▸ **Assignment**
Only one stretch of the data is wanted: the line containing "co (Uvec n T", the line containing "using assms(1) unfolding co_def by blast", and every line between them, copied exactly.

(Dataset entries)
(* Let $n\ge 2$, $N=\{1,\dots,n\}$, for each $i\in N$ let $A_i$ be a nonempty finite set, $A=\prod_{i\in N}A_i$, and let $u_i:A\to\mathbb{R}$ for $i\in N$. Then: (1) for any $\delta,\delta'$ with $0<\delta<\delta'\le 1$ and any $T\in\mathbb{N}$, $F(\delta',T)\subseteq F(\delta,T)$; (2) for any $\delta\in(0,1]$ and any $T\in\mathbb{N}$, $F(\delta,T)\subseteq F(\delta,T+1)$.
   Context: For $\delta\in(0,1]$, $T\in\mathbb{N}$ and $a^{[nT]}=(a^1,\dots,a^{nT})\in A^{nT}$, extend indices periodically by $a^s=a^{s-nT}$ for $s\ge nT+1$, and define for $i\in N$ $$U_i(a^{[nT]})=\frac{1}{\sum_{k=1}^{nT}\delta^{k-1}}\sum_{k=1}^{nT}\delta^{k-1}u_i\big(a^{(i-1)T+k}\big),$$ $U(a^{[nT]})=(U_i(a^{[nT]}))_{i\in N}$, and $F(\delta,T)=\operatorname{co}\left(\bigcup_{a^{[nT]}\in A^{nT}}\{U(a^{[nT]})\}\right)\subseteq\mathbb{R}^n$, where $\operatorname{co}$ denotes convex hull. *)

theory Defs
  imports "HOL-Analysis.Analysis"
begin

text \<open>Convex hull of a set of payoff vectors, vectors in R^n being represented as
  functions nat => real (only coordinates 1..n are used; all others are 0).\<close>
definition co :: "(nat \<Rightarrow> real) set \<Rightarrow> (nat \<Rightarrow> real) set" where
  "co S = {x. \<exists>(m::nat) (c::nat \<Rightarrow> real) (p::nat \<Rightarrow> nat \<Rightarrow> real).
              (\<forall>j<m. 0 \<le> c j \<and> p j \<in> S) \<and> (\<Sum>j<m. c j) = 1 \<and>
              x = (\<lambda>i. \<Sum>j<m. c j * p j i) }"

definition per :: "nat \<Rightarrow> nat \<Rightarrow> nat" where
  "per L s = ((s - 1) mod L) + 1"

text \<open>U_i(a^[nT]); a sequence is a map k \<mapsto> a k (action profile) on {1..nT}.\<close>
definition Upay :: "nat \<Rightarrow> nat \<Rightarrow> real \<Rightarrow> (nat \<Rightarrow> (nat \<Rightarrow> 'a) \<Rightarrow> real)
                    \<Rightarrow> (nat \<Rightarrow> (nat \<Rightarrow> 'a)) \<Rightarrow> nat \<Rightarrow> real" where
  "Upay n T \<delta> u a i =
     (\<Sum>k=1..n*T. \<delta> ^ (k - 1) * u i (a (per (n*T) ((i - 1) * T + k))))
     / (\<Sum>k=1..n*T. \<delta> ^ (k - 1))"

definition Uvec :: "nat \<Rightarrow> nat \<Rightarrow> real \<Rightarrow> (nat \<Rightarrow> (nat \<Rightarrow> 'a) \<Rightarrow> real)
                    \<Rightarrow> (nat \<Rightarrow> (nat \<Rightarrow> 'a)) \<Rightarrow> (nat \<Rightarrow> real)" where
  "Uvec n T \<delta> u a = (\<lambda>i. if i \<in> {1..n} then Upay n T \<delta> u a i else 0)"

definition Fset :: "nat \<Rightarrow> (nat \<Rightarrow> 'a set) \<Rightarrow> (nat \<Rightarrow> (nat \<Rightarrow> 'a) \<Rightarrow> real)
                    \<Rightarrow> real \<Rightarrow> nat \<Rightarrow> (nat \<Rightarrow> real) set" where
  "Fset n Aset u \<delta> T =
     co (Uvec n T \<delta> u ` (PiE {1..n*T} (\<lambda>_. PiE {1..n} Aset)))"

end

theory Submission
  imports Defs
begin

text \<open>For the comparison of discount factors, summation by
  parts against the one-step recursion of discounted sums writes the value at the higher factor as a
  convex combination of the values of the rotations of the cycle at the lower factor, with weights
  that do not depend on i. For the comparison of block lengths, each block of T periods is followed
  by an extra period, filled in the k-th padded cycle with the profile played k periods after the
  block; mixing these cycles with weights proportional to \<delta>^k makes the extra period pay exactly
  the normalised continuation value, which leaves the normalised value of the cycle unchanged.
  Either way every payoff vector of one set is a convex combination of payoff vectors of the other.\<close>

lemma co_inc: "y \<in> S \<Longrightarrow> y \<in> co S"
  unfolding co_def by (rule CollectI, rule exI[of _ 1], rule exI[of _ "\<lambda>_. 1"], rule exI[of _ "\<lambda>_. y"]) auto

lemma sum_lessThan_add_split:
  fixes f :: "nat \<Rightarrow> 'b::comm_monoid_add"
  shows "(\<Sum>j<m + k. f j) = (\<Sum>j<m. f j) + (\<Sum>j<k. f (m + j))"
  by (induction k) (simp_all add: ac_simps)

lemma co_convex_comb2:
  assumes "y \<in> co S" "w \<in> co S" "0 \<le> t" "t \<le> 1"
  shows "(\<lambda>i. t * y i + (1 - t) * w i) \<in> co S"
proof -
  obtain m1 :: nat and c1 p1 where 1: "\<forall>j<m1. 0 \<le> c1 j \<and> p1 j \<in> S" "(\<Sum>j<m1. c1 j) = 1"
    "y = (\<lambda>i. \<Sum>j<m1. c1 j * p1 j i)"
    using assms(1) unfolding co_def by blast
  obtain m2 :: nat and c2 p2 where 2: "\<forall>j<m2. 0 \<le> c2 j \<and> p2 j \<in> S" "(\<Sum>j<m2. c2 j) = 1"
    "w = (\<lambda>i. \<Sum>j<m2. c2 j * p2 j i)"
    using assms(2) unfolding co_def by blast
  define c where "c j = (if j < m1 then t * c1 j else (1 - t) * c2 (j - m1))" for j
  define p where "p j = (if j < m1 then p1 j else p2 (j - m1))" for j
  have "\<forall>j<m1 + m2. 0 \<le> c j \<and> p j \<in> S"
    using 1 2 assms(3,4) by (auto simp: c_def p_def)
  moreover have "(\<Sum>j<m1 + m2. c j) = 1"
    using 1 2 by (simp add: sum_lessThan_add_split c_def flip: sum_distrib_left)
  moreover have "(\<lambda>i. t * y i + (1 - t) * w i) = (\<lambda>i. \<Sum>j<m1 + m2. c j * p j i)"
    unfolding 1 2 by (simp add: sum_lessThan_add_split c_def p_def sum_distrib_left mult.assoc)
  ultimately show ?thesis
    unfolding co_def by (intro CollectI exI[of _ "m1 + m2"] exI[of _ c] exI[of _ p]) simp
qed

lemma co_convex_comb:
  fixes c :: "nat \<Rightarrow> real"
  assumes "\<forall>k<m. 0 \<le> c k \<and> y k \<in> co S" "(\<Sum>k<m. c k) = 1"
  shows "(\<lambda>i. \<Sum>k<m. c k * y k i) \<in> co S"
  using assms
proof (induction m arbitrary: c)
  case 0
  then show ?case by simp
next
  case (Suc m)
  define t where "t = (\<Sum>k<m. c k)"
  have "0 \<le> t"
    unfolding t_def using Suc.prems(1) by (intro sum_nonneg) auto
  have cm: "c m = 1 - t"
    using Suc.prems(2) unfolding t_def by simp
  show ?case
  proof (cases "t = 0")
    case True
    then have "\<forall>k<m. c k = 0"
      using Suc.prems(1) unfolding t_def by (subst (asm) sum_nonneg_eq_0_iff) auto
    then have "(\<lambda>i. \<Sum>k<Suc m. c k * y k i) = y m"
      using cm True by auto
    then show ?thesis
      using Suc.prems(1) by simp
  next
    case False
    have "(\<lambda>i. \<Sum>k<m. c k / t * y k i) \<in> co S"
      using Suc.prems(1) \<open>0 \<le> t\<close> False
      by (intro Suc.IH) (auto simp: t_def simp flip: sum_divide_distrib)
    moreover have "t \<le> 1"
      using cm Suc.prems(1) by auto
    ultimately have "(\<lambda>i. t * (\<Sum>k<m. c k / t * y k i) + (1 - t) * y m i) \<in> co S"
      using Suc.prems(1) \<open>0 \<le> t\<close> by (intro co_convex_comb2) auto
    moreover have "(\<lambda>i. t * (\<Sum>k<m. c k / t * y k i) + (1 - t) * y m i) = (\<lambda>i. \<Sum>k<Suc m. c k * y k i)"
      using False cm by (simp add: sum_distrib_left)
    ultimately show ?thesis
      by simp
  qed
qed

lemma co_minimal:
  assumes "\<forall>y\<in>S'. y \<in> co S"
  shows "co S' \<subseteq> co S"
proof
  fix x assume "x \<in> co S'"
  then obtain m :: nat and c p where "\<forall>j<m. 0 \<le> c j \<and> p j \<in> S'" "(\<Sum>j<m. c j) = 1"
    "x = (\<lambda>i. \<Sum>j<m. c j * p j i)"
    unfolding co_def by blast
  then show "x \<in> co S"
    using assms co_convex_comb[of m c p S] by auto
qed

definition has_period :: "nat \<Rightarrow> (nat \<Rightarrow> 'b) \<Rightarrow> bool" where
  "has_period L f \<longleftrightarrow> (\<forall>q. f (q + L) = f q)"

lemma has_period_add_mult:
  "has_period L f \<Longrightarrow> f (q + m * L) = f q"
  by (induction m) (simp_all add: has_period_def, metis add.assoc add.commute)

lemma has_period_mod:
  "has_period L f \<Longrightarrow> f (q mod L) = f q"
  using has_period_add_mult[of L f "q mod L" "q div L"] by simp

lemma has_period_shift:
  "has_period L f \<Longrightarrow> has_period L (\<lambda>q. f (q + s))"
  unfolding has_period_def by (metis add.commute add.left_commute)

lemma sum_powers_pos: "0 < x \<Longrightarrow> 0 < L \<Longrightarrow> 0 < (\<Sum>k<L. (x::real) ^ k)"
  by (intro sum_pos) auto

definition disc_sum :: "real \<Rightarrow> (nat \<Rightarrow> real) \<Rightarrow> nat \<Rightarrow> nat \<Rightarrow> real" where
  "disc_sum x V z L = (\<Sum>k<L. x ^ k * V (z + k))"

definition disc_avg :: "real \<Rightarrow> (nat \<Rightarrow> real) \<Rightarrow> nat \<Rightarrow> nat \<Rightarrow> real" where
  "disc_avg x V z L = disc_sum x V z L / (\<Sum>k<L. x ^ k)"

lemma disc_avg_const_one: "0 < x \<Longrightarrow> 0 < L \<Longrightarrow> disc_avg x (\<lambda>_. 1) z L = 1"
  using sum_powers_pos[of x L] by (simp add: disc_avg_def disc_sum_def)

lemma disc_sum_shift: "disc_sum x (\<lambda>q. V (q + s)) z L = disc_sum x V (z + s) L"
  by (simp add: disc_sum_def ac_simps)

lemma disc_avg_shift: "disc_avg x (\<lambda>q. V (q + s)) z L = disc_avg x V (z + s) L"
  by (simp add: disc_avg_def disc_sum_shift)

lemma disc_sum_linear:
  fixes c :: "nat \<Rightarrow> real"
  shows "(\<Sum>k<m. c k * disc_sum x (V k) z L) = disc_sum x (\<lambda>q. \<Sum>k<m. c k * V k q) z L"
  unfolding disc_sum_def by (simp add: sum_distrib_left sum.swap[of _ "{..<m}"] algebra_simps)

lemma disc_avg_linear:
  fixes c :: "nat \<Rightarrow> real"
  shows "(\<Sum>k<m. c k * disc_avg x (V k) z L) = disc_avg x (\<lambda>q. \<Sum>k<m. c k * V k q) z L"
  by (simp add: disc_avg_def sum_divide_distrib[symmetric] disc_sum_linear)

lemma has_period_disc_sum:
  "has_period L V \<Longrightarrow> has_period L (\<lambda>z. disc_sum x V z M)"
  using has_period_shift[of L V] by (simp add: has_period_def disc_sum_def ac_simps)

lemma disc_sum_step:
  assumes "has_period L V"
  shows "disc_sum x V z L = (1 - x ^ L) * V z + x * disc_sum x V (Suc z) L"
proof -
  have "x * disc_sum x V (Suc z) L = (\<Sum>k<Suc L. x ^ k * V (z + k)) - V z"
    unfolding disc_sum_def sum.lessThan_Suc_shift by (simp add: sum_distrib_left algebra_simps)
  also have "\<dots> = disc_sum x V z L + x ^ L * V z - V z"
    using assms by (simp add: disc_sum_def has_period_def)
  finally show ?thesis
    by (simp add: algebra_simps)
qed

lemma sum_lessThan_mult_blocks:
  fixes f :: "nat \<Rightarrow> 'b::comm_monoid_add"
  shows "(\<Sum>q<n * T. f q) = (\<Sum>m<n. \<Sum>r<T. f (m * T + r))"
proof -
  have "sum f {m * T..<m * T + T} = (\<Sum>r<T. f (m * T + r))" for m
    using sum.shift_bounds_nat_ivl[of f 0 "m * T" T] by (simp add: atLeast0LessThan add.commute)
  then show ?thesis
    by (simp flip: sum.nat_group)
qed

lemma disc_sum_blocks:
  "disc_sum x V (j * T) (n * T) = disc_sum (x ^ T) (\<lambda>l. disc_sum x V (l * T) T) j n"
proof -
  have "disc_sum x V (j * T) (n * T) = (\<Sum>m<n. \<Sum>r<T. x ^ (m * T + r) * V (j * T + (m * T + r)))"
    unfolding disc_sum_def by (rule sum_lessThan_mult_blocks)
  also have "\<dots> = (\<Sum>m<n. (x ^ T) ^ m * (\<Sum>r<T. x ^ r * V ((j + m) * T + r)))"
    by (simp add: sum_distrib_left power_add algebra_simps flip: power_mult)
  finally show ?thesis
    unfolding disc_sum_def .
qed

lemma disc_sum_block_step:
  assumes "has_period (n * T) V"
  shows "disc_sum x V (l * T) (n * T)
    = (1 - x ^ (n * T)) * disc_sum x V (l * T) T + x ^ T * disc_sum x V (Suc l * T) (n * T)"
proof -
  let ?B = "\<lambda>l. disc_sum x V (l * T) T"
  have "has_period n ?B"
    using has_period_disc_sum[OF assms, of x T] by (simp add: has_period_def algebra_simps)
  moreover have "(x ^ T) ^ n = x ^ (n * T)"
    by (simp add: mult.commute flip: power_mult)
  ultimately show ?thesis
    using disc_sum_step[of n ?B "x ^ T" l] by (simp only: disc_sum_blocks)
qed

definition rotation_weight :: "real \<Rightarrow> real \<Rightarrow> nat \<Rightarrow> nat \<Rightarrow> real" where
  "rotation_weight x x' L s = (if s = 0 then 1 - x * x' ^ (L - 1) else x' ^ (s - 1) * (x' - x))"

lemma rotation_weight_nonneg:
  assumes "0 \<le> x" "x \<le> x'" "x' \<le> 1"
  shows "0 \<le> rotation_weight x x' L s"
proof -
  have "x * x' ^ (L - 1) \<le> 1"
    using assms by (intro mult_le_one power_le_one) auto
  then show ?thesis
    using assms unfolding rotation_weight_def by simp
qed
(* Let $G=(A,\nu)\in\Gamma$. If there is a route $pm\in\mathcal R$ with $\nu_{pm}=0$ and $a_{pm}>0$, then $$\lim_{\tau\to0}\lim_{\delta\to0}\lim_{\epsilon\to0}\limsup_{n\to\infty}\frac1{n\tau}\sup_{y\in\mathbb Z_+^{\mathcal R},\,|y|<\epsilon n}\log\mathbb P\big[E^{(n)}_{\tau,\delta,y}(G)\big]=-\infty.$$
   Context: Star network: channels $\mathcal S=\{1,\dots,N\}$ with capacities $C_i>0$; routes are unordered pairs $ij$ of distinct channels with arrival rates $\lambda_{ij}\ge0$ and parameters $\mu_{ij}>0$; $\mathcal R=\{ij:\lambda_{ij}>0\}$. For $x\in\mathbb R_+^{\mathcal R}$, $x_i=\sum_{j:ij\in\mathcal R}x_{ij}$, $\nu_{ij}(x)=x_{ij}(C_i/x_i\wedge C_j/x_j)$ if $x_{ij}>0$ and $0$ otherwise, $\mu_{ij}(x)=\mu_{ij}\nu_{ij}(x)$, $\nu(x)=(\nu_{ij}(x))_{ij\in\mathcal R}$. $Q(t,y)$ is the Markov jump process on $\mathbb Z_+^{\mathcal R}$ started at $y$ jumping $x\to x+e_{ij}$ at rate $\lambda_{ij}$ and $x\to x-e_{ij}$ at rate $\mu_{ij}(x)$; $\mathbb P$ its law. $A(t)=(A_{ij}(t))_{ij\in\mathcal R}$, $A_{ij}(t)$ the number of arrivals on route $ij$ in $[0,t]$. $|\cdot|$ is a norm on $\mathbb R^{\mathcal R}$. No ergodicity is assumed. $V=\{\nu\in\mathbb R_+^{\mathcal R}:\sum_{j:ij\in\mathcal R}\nu_{ij}\le C_i\ \forall i\}$. The set of empirical generators is $\Gamma=\mathbb R_+^{\mathcal R}\times V$, elements $G=(A,\nu)$ with $A=(a_{ij})$, with distance $d(G,G')=\sum_{ij}|a_{ij}-a'_{ij}|+\sum_{ij}|\nu_{ij}-\nu'_{ij}|$ and balls $B(G,\delta)$. The empirical generator is $G_t=\big(\tfrac1tA(t),\tfrac1t\int_0^t\nu(Q(s))ds\big)$ (with $Q(s)=Q(s,y)$), and $$E^{(n)}_{\tau,\delta,y}(G)=\Big\{G_{n\tau}\in B(G,\delta),\ \sup_{t\in[0,n\tau]}|Q(t,y)|<\delta n\Big\}.$$ *)

theory Defs
  imports "HOL-Probability.Probability"
begin

(* Channels are 1..N; a route ij (unordered pair of distinct channels) is encoded as the
   ordered pair (i,j) with i < j.  lam, mu : route => real; C : channel => real.
   Vectors indexed by routes are functions (nat*nat) => _, vanishing off the route set. *)

type_synonym route = "nat \<times> nat"

definition routes :: "nat \<Rightarrow> (route \<Rightarrow> real) \<Rightarrow> route set" where
  "routes N lam = {(i,j). 1 \<le> i \<and> i < j \<and> j \<le> N \<and> lam (i,j) > 0}"

definition supported :: "route set \<Rightarrow> (route \<Rightarrow> 'a::zero) \<Rightarrow> bool" where
  "supported R x \<longleftrightarrow> (\<forall>r. r \<notin> R \<longrightarrow> x r = 0)"

definition is_norm_on :: "route set \<Rightarrow> ((route \<Rightarrow> real) \<Rightarrow> real) \<Rightarrow> bool" where
  "is_norm_on R nrm \<longleftrightarrow>
     (\<forall>x. supported R x \<longrightarrow> nrm x \<ge> 0 \<and> (nrm x = 0 \<longleftrightarrow> x = (\<lambda>_. 0))) \<and>
     (\<forall>x c. supported R x \<longrightarrow> nrm (\<lambda>r. c * x r) = \<bar>c\<bar> * nrm x) \<and>
     (\<forall>x y. supported R x \<longrightarrow> supported R y \<longrightarrow> nrm (\<lambda>r. x r + y r) \<le> nrm x + nrm y)"
lemma std_mollifier_bounded: "\<exists>H. \<forall>y. \<eta> y \<le> H"
proof -
  obtain H where H: "\<And>y. y \<in> cball 0 1 \<Longrightarrow> \<bar>\<eta> y\<bar> \<le> H"
    using compact_continuous_image[OF continuous_on_subset[OF std_mollifier_continuous]]
    by (metis bounded_real compact_cball compact_imp_bounded image_eqI subset_UNIV)
  have "\<eta> y \<le> max 0 H" for y
    using H[of y] std_mollifier_support[of y] by (cases "\<eta> y = 0") auto
  then show ?thesis by blast
qed

lemma std_mollifier_integrable: "integrable lborel \<eta>"
  and std_mollifier_integral: "integral\<^sup>L lborel \<eta> = 1"
proof -
  have "integral\<^sup>L lebesgue \<eta> = 1" using \<eta> by (simp add: std_mollifier_def)
  moreover from this have "integrable lebesgue \<eta>"
    using not_integrable_integral_eq by fastforce
  ultimately show "integrable lborel \<eta>" "integral\<^sup>L lborel \<eta> = 1"
    by (simp_all add: integral_completion integrable_completion)
qed

lemma scaled_mollifier_nonneg: "\<epsilon> > 0 \<Longrightarrow> scaled_mollifier \<eta> \<epsilon> z \<ge> 0"
  using \<eta> by (simp add: scaled_mollifier_def std_mollifier_def)

lemma scaled_mollifier_support: "\<epsilon> > 0 \<Longrightarrow> scaled_mollifier \<eta> \<epsilon> z \<noteq> 0 \<Longrightarrow> norm z < \<epsilon>"
  using std_mollifier_support[of "(1 / \<epsilon>) *\<^sub>R z"] by (auto simp: scaled_mollifier_def field_simps)

lemma scaled_mollifier_integrable: "\<epsilon> > 0 \<Longrightarrow> integrable lborel (scaled_mollifier \<eta> \<epsilon>)"
  using integrable_lborel_affine_iff[of "1 / \<epsilon>" \<eta> 0] std_mollifier_integrable
  unfolding scaled_mollifier_def[abs_def] by (intro integrable_mult_right) simp

lemma scaled_mollifier_integral: "\<epsilon> > 0 \<Longrightarrow> integral\<^sup>L lborel (scaled_mollifier \<eta> \<epsilon>) = 1"
  using integral_lborel_affine[of "1 / \<epsilon>" \<eta> 0] std_mollifier_integral
  unfolding scaled_mollifier_def[abs_def] by (simp add: power_one_over)

end

section \<open>The singular integral near a smooth point\<close>

locale frac_lap_setting =
  fixes \<alpha> :: real and \<Lambda> :: "'a::euclidean_space set" and f :: "'a \<Rightarrow> real"
  assumes \<alpha>_pos: "0 < \<alpha>" and \<alpha>_less_1: "\<alpha> < 1"
    and \<Lambda>_closed: "closed \<Lambda>" and \<Lambda>_null: "\<Lambda> \<in> null_sets lebesgue"
    and f_L2alpha: "f \<in> L2alpha \<alpha>" and f_smooth: "smooth_on f (- \<Lambda>)"
begin

definition \<sigma> :: real where "\<sigma> = real DIM('a) + 2 * \<alpha>"
(* Let $B_t$ be a Brownian motion in $\mathbb{R}^n$ and $g_t$ a martingale in $\mathbb{R}^n$, both adapted to a filtration $\mathcal{F}_t$. Suppose that $dg_t=\tilde\Gamma_t\,dB_t$ for some matrix-valued process $\tilde\Gamma_t$ satisfying $\mathrm{Tr}(\tilde\Gamma_t)\ge0$ almost surely for all $t$. Assume there exists a set $K\subset\mathbb{R}^n$ such that $g_t\in K$ for all $t$. Then for all $t>0$ and $\alpha>1$, $$\mathbb{P}\left(\min_{s\le t}\mathrm{Tr}(\tilde\Gamma_s)>\alpha\frac{\mathbf{GW}(K)}{\sqrt t}\right)<\frac1\alpha.$$
   Context: $\mathbf{GW}(K)=\mathbb{E}\sup_{x\in K}\langle x,\Gamma\rangle$ where $\Gamma\sim N(0,\mathrm{Id}_n)$. *)

theory Defs
  imports "HOL-Probability.Probability"
begin

text \<open>Filtration (continuous time, indexed by real; only t \<ge> 0 matters) on the probability space M.\<close>
definition is_filtration :: "'a measure \<Rightarrow> (real \<Rightarrow> 'a measure) \<Rightarrow> bool" where
  "is_filtration M F \<longleftrightarrow> (\<forall>s. subalgebra M (F s)) \<and> (\<forall>s t. s \<le> t \<longrightarrow> sets (F s) \<subseteq> sets (F t))"

definition gauss_density :: "real \<Rightarrow> real^'n \<Rightarrow> ennreal" where
  "gauss_density c x = ennreal (\<Prod>i\<in>UNIV. normal_density 0 (sqrt c) (x $ i))"

definition brownian_motion :: "'a measure \<Rightarrow> (real \<Rightarrow> 'a measure) \<Rightarrow> (real \<Rightarrow> 'a \<Rightarrow> real^'n) \<Rightarrow> bool" where
  "brownian_motion M F B \<longleftrightarrow>
     (\<forall>\<omega>\<in>space M. B 0 \<omega> = 0) \<and>
     (\<forall>\<omega>\<in>space M. continuous_on {0..} (\<lambda>t. B t \<omega>)) \<and>
     (\<forall>t\<ge>0. B t \<in> borel_measurable (F t)) \<and>
     (\<forall>s t. 0 \<le> s \<and> s < t \<longrightarrow>
        distributed M lborel (\<lambda>\<omega>. B t \<omega> - B s \<omega>) (gauss_density (t - s))) \<and>
     (\<forall>s t. 0 \<le> s \<and> s \<le> t \<longrightarrow>
        (\<forall>A\<in>sets (F s). \<forall>C\<in>sets borel.
           measure M (A \<inter> {\<omega>\<in>space M. B t \<omega> - B s \<omega> \<in> C})
             = measure M A * measure M {\<omega>\<in>space M. B t \<omega> - B s \<omega> \<in> C}))"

▸ **Written answer**
     co (Uvec n T \<delta> u ` (PiE {1..n*T} (\<lambda>_. PiE {1..n} Aset)))"

end

theory Submission
  imports Defs
begin

text \<open>For the comparison of discount factors, summation by
  parts against the one-step recursion of discounted sums writes the value at the higher factor as a
  convex combination of the values of the rotations of the cycle at the lower factor, with weights
  that do not depend on i. For the comparison of block lengths, each block of T periods is followed
  by an extra period, filled in the k-th padded cycle with the profile played k periods after the
  block; mixing these cycles with weights proportional to \<delta>^k makes the extra period pay exactly
  the normalised continuation value, which leaves the normalised value of the cycle unchanged.
  Either way every payoff vector of one set is a convex combination of payoff vectors of the other.\<close>

lemma co_inc: "y \<in> S \<Longrightarrow> y \<in> co S"
  unfolding co_def by (rule CollectI, rule exI[of _ 1], rule exI[of _ "\<lambda>_. 1"], rule exI[of _ "\<lambda>_. y"]) auto

lemma sum_lessThan_add_split:
  fixes f :: "nat \<Rightarrow> 'b::comm_monoid_add"
  shows "(\<Sum>j<m + k. f j) = (\<Sum>j<m. f j) + (\<Sum>j<k. f (m + j))"
  by (induction k) (simp_all add: ac_simps)

lemma co_convex_comb2:
  assumes "y \<in> co S" "w \<in> co S" "0 \<le> t" "t \<le> 1"
  shows "(\<lambda>i. t * y i + (1 - t) * w i) \<in> co S"
proof -
  obtain m1 :: nat and c1 p1 where 1: "\<forall>j<m1. 0 \<le> c1 j \<and> p1 j \<in> S" "(\<Sum>j<m1. c1 j) = 1"
    "y = (\<lambda>i. \<Sum>j<m1. c1 j * p1 j i)"
    using assms(1) unfolding co_def by blast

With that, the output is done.